Your objective:
Give only the number of lines in the records below that contain the word "dots".

Stored items:
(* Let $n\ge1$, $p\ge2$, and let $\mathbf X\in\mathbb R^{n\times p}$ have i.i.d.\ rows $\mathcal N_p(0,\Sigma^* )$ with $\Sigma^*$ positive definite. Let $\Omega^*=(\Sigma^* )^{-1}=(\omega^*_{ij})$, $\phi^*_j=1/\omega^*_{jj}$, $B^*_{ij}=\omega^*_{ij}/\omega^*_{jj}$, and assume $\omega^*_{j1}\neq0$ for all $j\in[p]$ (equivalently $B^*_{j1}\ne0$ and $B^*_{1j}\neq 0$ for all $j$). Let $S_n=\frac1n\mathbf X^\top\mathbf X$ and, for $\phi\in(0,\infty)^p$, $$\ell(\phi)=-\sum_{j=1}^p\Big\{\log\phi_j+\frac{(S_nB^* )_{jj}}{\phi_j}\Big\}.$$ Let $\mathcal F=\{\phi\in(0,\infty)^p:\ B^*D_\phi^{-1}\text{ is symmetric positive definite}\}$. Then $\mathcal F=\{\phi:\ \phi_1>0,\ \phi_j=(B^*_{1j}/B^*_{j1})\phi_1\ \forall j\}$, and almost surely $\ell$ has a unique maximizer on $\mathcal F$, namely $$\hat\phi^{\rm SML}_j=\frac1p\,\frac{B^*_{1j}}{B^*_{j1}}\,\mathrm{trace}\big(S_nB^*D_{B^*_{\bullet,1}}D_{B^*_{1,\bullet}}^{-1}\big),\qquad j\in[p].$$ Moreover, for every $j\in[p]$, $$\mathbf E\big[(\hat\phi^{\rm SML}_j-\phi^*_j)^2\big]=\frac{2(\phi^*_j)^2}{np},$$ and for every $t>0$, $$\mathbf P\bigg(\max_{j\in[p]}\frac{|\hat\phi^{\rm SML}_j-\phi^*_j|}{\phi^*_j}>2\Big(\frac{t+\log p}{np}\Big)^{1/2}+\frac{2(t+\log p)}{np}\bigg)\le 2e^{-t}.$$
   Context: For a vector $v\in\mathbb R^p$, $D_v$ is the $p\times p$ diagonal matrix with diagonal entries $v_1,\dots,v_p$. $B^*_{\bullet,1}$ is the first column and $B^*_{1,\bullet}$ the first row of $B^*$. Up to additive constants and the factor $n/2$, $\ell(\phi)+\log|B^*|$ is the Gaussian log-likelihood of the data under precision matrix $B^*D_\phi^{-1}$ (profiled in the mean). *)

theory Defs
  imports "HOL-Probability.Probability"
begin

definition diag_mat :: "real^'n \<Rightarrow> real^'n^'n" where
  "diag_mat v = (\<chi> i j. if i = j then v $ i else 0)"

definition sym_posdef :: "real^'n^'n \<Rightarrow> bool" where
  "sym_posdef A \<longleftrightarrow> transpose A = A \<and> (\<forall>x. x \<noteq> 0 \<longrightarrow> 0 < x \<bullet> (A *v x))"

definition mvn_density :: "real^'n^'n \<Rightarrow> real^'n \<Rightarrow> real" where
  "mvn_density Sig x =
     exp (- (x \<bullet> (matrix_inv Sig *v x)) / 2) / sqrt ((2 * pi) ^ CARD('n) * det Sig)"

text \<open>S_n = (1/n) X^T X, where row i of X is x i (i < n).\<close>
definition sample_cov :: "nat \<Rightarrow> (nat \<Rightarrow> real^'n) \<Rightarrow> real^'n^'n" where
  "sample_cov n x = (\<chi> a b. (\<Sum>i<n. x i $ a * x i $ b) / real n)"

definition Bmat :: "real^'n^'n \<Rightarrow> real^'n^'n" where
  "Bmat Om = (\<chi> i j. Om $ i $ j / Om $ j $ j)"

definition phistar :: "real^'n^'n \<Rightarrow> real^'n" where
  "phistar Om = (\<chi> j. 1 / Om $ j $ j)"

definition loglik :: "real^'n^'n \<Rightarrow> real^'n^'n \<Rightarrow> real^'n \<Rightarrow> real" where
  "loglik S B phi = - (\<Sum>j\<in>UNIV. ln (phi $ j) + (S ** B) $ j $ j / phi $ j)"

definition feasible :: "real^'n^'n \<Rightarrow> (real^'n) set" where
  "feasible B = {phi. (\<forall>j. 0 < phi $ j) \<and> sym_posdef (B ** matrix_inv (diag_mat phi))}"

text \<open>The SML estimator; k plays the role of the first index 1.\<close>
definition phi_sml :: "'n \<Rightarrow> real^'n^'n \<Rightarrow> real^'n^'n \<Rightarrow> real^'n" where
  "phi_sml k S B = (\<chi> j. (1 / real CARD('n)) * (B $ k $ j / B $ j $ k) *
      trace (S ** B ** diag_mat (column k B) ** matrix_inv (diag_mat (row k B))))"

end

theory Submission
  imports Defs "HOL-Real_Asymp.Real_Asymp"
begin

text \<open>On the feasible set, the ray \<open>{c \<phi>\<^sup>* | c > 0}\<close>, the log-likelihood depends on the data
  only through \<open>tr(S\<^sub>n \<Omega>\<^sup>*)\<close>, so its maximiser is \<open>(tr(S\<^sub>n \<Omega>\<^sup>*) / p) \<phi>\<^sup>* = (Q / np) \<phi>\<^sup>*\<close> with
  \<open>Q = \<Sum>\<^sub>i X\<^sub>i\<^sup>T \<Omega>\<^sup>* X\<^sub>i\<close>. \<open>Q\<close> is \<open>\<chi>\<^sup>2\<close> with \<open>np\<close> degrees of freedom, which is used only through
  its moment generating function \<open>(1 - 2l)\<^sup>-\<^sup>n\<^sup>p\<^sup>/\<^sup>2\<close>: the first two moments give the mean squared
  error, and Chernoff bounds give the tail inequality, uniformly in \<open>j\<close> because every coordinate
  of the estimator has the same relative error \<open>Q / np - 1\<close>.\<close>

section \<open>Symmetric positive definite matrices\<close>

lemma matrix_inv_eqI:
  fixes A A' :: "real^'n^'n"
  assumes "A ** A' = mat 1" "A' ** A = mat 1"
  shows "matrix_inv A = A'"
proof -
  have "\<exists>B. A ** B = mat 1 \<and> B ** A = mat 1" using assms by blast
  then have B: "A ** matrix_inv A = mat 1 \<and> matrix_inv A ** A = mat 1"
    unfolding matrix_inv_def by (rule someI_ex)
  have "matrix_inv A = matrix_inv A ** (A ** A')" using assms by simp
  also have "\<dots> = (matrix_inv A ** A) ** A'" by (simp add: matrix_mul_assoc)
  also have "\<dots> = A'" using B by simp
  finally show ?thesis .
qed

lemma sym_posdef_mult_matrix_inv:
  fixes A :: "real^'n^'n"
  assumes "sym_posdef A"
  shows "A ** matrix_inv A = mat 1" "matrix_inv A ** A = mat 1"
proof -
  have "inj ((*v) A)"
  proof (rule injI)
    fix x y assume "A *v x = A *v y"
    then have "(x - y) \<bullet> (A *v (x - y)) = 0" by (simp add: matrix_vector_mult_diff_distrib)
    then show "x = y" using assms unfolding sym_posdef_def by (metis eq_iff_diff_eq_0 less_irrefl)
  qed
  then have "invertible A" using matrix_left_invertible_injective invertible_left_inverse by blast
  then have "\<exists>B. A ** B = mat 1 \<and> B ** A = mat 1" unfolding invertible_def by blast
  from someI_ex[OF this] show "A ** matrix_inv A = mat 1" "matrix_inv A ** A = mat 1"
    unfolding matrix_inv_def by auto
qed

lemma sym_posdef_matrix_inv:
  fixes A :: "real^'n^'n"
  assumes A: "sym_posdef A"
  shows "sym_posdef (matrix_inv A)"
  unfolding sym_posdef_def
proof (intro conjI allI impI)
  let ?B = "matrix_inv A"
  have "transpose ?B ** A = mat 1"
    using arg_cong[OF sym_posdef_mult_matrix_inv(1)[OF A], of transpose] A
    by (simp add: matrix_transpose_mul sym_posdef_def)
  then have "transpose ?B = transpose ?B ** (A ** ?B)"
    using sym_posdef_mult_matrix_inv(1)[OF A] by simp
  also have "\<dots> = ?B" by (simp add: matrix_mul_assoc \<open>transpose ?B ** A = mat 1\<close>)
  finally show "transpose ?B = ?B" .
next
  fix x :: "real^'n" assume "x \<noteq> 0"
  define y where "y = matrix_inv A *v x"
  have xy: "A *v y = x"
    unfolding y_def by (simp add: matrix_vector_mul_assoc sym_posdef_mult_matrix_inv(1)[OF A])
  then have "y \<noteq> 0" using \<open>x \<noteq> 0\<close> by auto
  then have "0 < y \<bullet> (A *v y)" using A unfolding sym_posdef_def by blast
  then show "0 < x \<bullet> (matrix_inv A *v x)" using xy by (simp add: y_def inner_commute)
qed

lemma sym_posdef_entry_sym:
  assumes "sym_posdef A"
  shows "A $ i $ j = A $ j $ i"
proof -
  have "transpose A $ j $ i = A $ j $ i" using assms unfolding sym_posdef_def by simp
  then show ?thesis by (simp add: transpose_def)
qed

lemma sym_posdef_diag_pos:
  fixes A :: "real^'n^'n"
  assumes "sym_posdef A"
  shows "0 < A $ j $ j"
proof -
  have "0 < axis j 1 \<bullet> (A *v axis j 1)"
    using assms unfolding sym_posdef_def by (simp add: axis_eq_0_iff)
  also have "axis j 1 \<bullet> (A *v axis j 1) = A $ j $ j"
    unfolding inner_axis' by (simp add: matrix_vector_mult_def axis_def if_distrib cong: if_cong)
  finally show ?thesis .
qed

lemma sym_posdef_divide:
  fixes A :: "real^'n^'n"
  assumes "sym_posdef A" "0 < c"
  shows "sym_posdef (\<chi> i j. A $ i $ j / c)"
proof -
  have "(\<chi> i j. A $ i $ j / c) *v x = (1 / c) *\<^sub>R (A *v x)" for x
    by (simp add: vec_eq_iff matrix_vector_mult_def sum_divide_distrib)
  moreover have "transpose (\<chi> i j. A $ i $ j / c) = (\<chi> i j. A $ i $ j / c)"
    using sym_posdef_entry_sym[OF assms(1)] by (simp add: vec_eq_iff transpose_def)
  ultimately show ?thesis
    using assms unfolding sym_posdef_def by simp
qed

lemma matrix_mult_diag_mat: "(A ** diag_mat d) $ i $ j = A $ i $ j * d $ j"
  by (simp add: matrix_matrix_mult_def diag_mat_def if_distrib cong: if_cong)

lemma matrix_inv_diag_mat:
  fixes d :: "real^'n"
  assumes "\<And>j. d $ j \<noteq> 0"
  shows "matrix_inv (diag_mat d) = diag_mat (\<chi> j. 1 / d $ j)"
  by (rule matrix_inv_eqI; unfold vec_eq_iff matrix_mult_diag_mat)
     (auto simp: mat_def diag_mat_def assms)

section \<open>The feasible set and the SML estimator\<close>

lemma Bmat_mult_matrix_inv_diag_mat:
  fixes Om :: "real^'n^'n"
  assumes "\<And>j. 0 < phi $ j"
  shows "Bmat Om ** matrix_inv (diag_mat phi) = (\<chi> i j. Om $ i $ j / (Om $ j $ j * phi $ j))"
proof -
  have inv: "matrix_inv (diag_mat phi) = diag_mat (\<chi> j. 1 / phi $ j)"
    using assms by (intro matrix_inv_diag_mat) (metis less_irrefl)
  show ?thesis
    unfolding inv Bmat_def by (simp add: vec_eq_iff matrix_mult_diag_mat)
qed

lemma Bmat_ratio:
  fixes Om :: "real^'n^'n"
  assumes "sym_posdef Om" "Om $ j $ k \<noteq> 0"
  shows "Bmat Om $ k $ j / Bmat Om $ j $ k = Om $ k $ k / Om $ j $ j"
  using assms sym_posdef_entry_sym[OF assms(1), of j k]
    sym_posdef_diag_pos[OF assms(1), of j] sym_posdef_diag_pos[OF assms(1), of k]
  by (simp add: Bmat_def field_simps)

Exercise result:
4